Work instructions => Each record below should appear again exactly as written.

--- START ---

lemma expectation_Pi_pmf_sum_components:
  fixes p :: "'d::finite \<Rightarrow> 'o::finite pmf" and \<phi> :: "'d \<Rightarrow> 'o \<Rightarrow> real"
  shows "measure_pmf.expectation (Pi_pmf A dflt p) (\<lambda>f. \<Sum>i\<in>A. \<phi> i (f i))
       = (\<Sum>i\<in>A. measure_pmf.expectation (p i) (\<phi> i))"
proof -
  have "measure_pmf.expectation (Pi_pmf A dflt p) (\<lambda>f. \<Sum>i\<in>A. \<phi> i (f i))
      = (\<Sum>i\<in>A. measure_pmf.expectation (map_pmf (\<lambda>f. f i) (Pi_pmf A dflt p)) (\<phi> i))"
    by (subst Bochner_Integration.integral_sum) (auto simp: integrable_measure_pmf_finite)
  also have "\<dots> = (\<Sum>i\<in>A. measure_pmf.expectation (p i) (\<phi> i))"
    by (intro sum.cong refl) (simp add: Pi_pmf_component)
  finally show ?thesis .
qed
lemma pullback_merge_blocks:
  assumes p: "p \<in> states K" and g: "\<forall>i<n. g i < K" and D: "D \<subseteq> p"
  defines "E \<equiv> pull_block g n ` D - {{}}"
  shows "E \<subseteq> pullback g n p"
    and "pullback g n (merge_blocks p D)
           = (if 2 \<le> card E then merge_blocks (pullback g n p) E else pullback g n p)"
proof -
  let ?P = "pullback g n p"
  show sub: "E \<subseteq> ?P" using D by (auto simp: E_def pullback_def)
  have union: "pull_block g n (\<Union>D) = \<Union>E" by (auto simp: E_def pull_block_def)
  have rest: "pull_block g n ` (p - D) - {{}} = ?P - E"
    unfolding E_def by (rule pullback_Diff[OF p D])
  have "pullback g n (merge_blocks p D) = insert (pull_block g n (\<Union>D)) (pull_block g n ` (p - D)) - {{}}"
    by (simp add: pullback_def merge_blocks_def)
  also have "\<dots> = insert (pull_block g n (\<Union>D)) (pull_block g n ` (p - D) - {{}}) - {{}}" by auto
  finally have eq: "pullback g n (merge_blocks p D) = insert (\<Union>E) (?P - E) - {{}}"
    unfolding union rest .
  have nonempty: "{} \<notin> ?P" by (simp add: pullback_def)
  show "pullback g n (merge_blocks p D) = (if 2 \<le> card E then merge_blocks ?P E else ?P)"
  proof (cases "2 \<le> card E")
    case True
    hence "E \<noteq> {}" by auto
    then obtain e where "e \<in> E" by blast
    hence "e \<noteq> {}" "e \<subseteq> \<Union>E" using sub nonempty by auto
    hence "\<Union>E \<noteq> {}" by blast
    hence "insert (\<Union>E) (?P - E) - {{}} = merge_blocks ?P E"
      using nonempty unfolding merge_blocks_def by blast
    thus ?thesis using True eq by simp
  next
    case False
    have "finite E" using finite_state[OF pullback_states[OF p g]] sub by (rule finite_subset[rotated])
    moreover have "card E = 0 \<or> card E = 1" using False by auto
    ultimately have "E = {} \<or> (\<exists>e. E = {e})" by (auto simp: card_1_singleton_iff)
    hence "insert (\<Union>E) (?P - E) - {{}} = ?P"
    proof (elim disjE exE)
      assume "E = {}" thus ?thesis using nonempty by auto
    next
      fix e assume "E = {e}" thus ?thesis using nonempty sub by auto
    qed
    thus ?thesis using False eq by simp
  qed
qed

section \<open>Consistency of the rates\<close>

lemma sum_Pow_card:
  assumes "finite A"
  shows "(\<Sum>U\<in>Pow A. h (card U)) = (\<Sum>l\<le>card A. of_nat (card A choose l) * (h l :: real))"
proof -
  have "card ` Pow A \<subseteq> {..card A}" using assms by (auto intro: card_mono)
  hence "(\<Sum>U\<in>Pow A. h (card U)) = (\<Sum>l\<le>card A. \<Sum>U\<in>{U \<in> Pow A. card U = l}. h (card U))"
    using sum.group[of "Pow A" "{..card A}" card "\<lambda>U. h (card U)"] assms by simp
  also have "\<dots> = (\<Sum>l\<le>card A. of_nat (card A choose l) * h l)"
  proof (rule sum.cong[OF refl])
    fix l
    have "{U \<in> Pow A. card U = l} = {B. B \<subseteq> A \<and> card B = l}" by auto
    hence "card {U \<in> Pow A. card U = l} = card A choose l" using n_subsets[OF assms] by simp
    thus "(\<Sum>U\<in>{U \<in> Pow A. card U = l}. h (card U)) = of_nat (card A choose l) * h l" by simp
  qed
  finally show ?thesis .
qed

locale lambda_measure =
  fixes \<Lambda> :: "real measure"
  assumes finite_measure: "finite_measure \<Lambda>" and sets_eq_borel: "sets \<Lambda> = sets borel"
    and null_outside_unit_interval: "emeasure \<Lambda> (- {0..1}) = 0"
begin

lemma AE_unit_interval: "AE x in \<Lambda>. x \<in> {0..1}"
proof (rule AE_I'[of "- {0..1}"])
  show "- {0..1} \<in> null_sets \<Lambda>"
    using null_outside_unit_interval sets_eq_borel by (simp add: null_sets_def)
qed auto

--- END ---

Exercise answer =>
lemma expectation_Pi_pmf_sum_components:
  fixes p :: "'d::finite \<Rightarrow> 'o::finite pmf" and \<phi> :: "'d \<Rightarrow> 'o \<Rightarrow> real"
  shows "measure_pmf.expectation (Pi_pmf A dflt p) (\<lambda>f. \<Sum>i\<in>A. \<phi> i (f i))
       = (\<Sum>i\<in>A. measure_pmf.expectation (p i) (\<phi> i))"
proof -
  have "measure_pmf.expectation (Pi_pmf A dflt p) (\<lambda>f. \<Sum>i\<in>A. \<phi> i (f i))
      = (\<Sum>i\<in>A. measure_pmf.expectation (map_pmf (\<lambda>f. f i) (Pi_pmf A dflt p)) (\<phi> i))"
    by (subst Bochner_Integration.integral_sum) (auto simp: integrable_measure_pmf_finite)
  also have "\<dots> = (\<Sum>i\<in>A. measure_pmf.expectation (p i) (\<phi> i))"
    by (intro sum.cong refl) (simp add: Pi_pmf_component)
  finally show ?thesis .
qed
lemma pullback_merge_blocks:
  assumes p: "p \<in> states K" and g: "\<forall>i<n. g i < K" and D: "D \<subseteq> p"
  defines "E \<equiv> pull_block g n ` D - {{}}"
  shows "E \<subseteq> pullback g n p"
    and "pullback g n (merge_blocks p D)
           = (if 2 \<le> card E then merge_blocks (pullback g n p) E else pullback g n p)"
proof -
  let ?P = "pullback g n p"
  show sub: "E \<subseteq> ?P" using D by (auto simp: E_def pullback_def)
  have union: "pull_block g n (\<Union>D) = \<Union>E" by (auto simp: E_def pull_block_def)
  have rest: "pull_block g n ` (p - D) - {{}} = ?P - E"
    unfolding E_def by (rule pullback_Diff[OF p D])
  have "pullback g n (merge_blocks p D) = insert (pull_block g n (\<Union>D)) (pull_block g n ` (p - D)) - {{}}"
    by (simp add: pullback_def merge_blocks_def)
  also have "\<dots> = insert (pull_block g n (\<Union>D)) (pull_block g n ` (p - D) - {{}}) - {{}}" by auto
  finally have eq: "pullback g n (merge_blocks p D) = insert (\<Union>E) (?P - E) - {{}}"
    unfolding union rest .
  have nonempty: "{} \<notin> ?P" by (simp add: pullback_def)
  show "pullback g n (merge_blocks p D) = (if 2 \<le> card E then merge_blocks ?P E else ?P)"
  proof (cases "2 \<le> card E")
    case True
    hence "E \<noteq> {}" by auto
    then obtain e where "e \<in> E" by blast
    hence "e \<noteq> {}" "e \<subseteq> \<Union>E" using sub nonempty by auto
    hence "\<Union>E \<noteq> {}" by blast
    hence "insert (\<Union>E) (?P - E) - {{}} = merge_blocks ?P E"
      using nonempty unfolding merge_blocks_def by blast
    thus ?thesis using True eq by simp
  next
    case False
    have "finite E" using finite_state[OF pullback_states[OF p g]] sub by (rule finite_subset[rotated])
    moreover have "card E = 0 \<or> card E = 1" using False by auto
    ultimately have "E = {} \<or> (\<exists>e. E = {e})" by (auto simp: card_1_singleton_iff)
    hence "insert (\<Union>E) (?P - E) - {{}} = ?P"
    proof (elim disjE exE)
      assume "E = {}" thus ?thesis using nonempty by auto
    next
      fix e assume "E = {e}" thus ?thesis using nonempty sub by auto
    qed
    thus ?thesis using False eq by simp
  qed
qed

section \<open>Consistency of the rates\<close>

lemma sum_Pow_card:
  assumes "finite A"
  shows "(\<Sum>U\<in>Pow A. h (card U)) = (\<Sum>l\<le>card A. of_nat (card A choose l) * (h l :: real))"
proof -
  have "card ` Pow A \<subseteq> {..card A}" using assms by (auto intro: card_mono)
  hence "(\<Sum>U\<in>Pow A. h (card U)) = (\<Sum>l\<le>card A. \<Sum>U\<in>{U \<in> Pow A. card U = l}. h (card U))"
    using sum.group[of "Pow A" "{..card A}" card "\<lambda>U. h (card U)"] assms by simp
  also have "\<dots> = (\<Sum>l\<le>card A. of_nat (card A choose l) * h l)"
  proof (rule sum.cong[OF refl])
    fix l
    have "{U \<in> Pow A. card U = l} = {B. B \<subseteq> A \<and> card B = l}" by auto
    hence "card {U \<in> Pow A. card U = l} = card A choose l" using n_subsets[OF assms] by simp
    thus "(\<Sum>U\<in>{U \<in> Pow A. card U = l}. h (card U)) = of_nat (card A choose l) * h l" by simp
  qed
  finally show ?thesis .
qed

locale lambda_measure =
  fixes \<Lambda> :: "real measure"
  assumes finite_measure: "finite_measure \<Lambda>" and sets_eq_borel: "sets \<Lambda> = sets borel"
    and null_outside_unit_interval: "emeasure \<Lambda> (- {0..1}) = 0"
begin

lemma AE_unit_interval: "AE x in \<Lambda>. x \<in> {0..1}"
proof (rule AE_I'[of "- {0..1}"])
  show "- {0..1} \<in> null_sets \<Lambda>"
    using null_outside_unit_interval sets_eq_borel by (simp add: null_sets_def)
qed auto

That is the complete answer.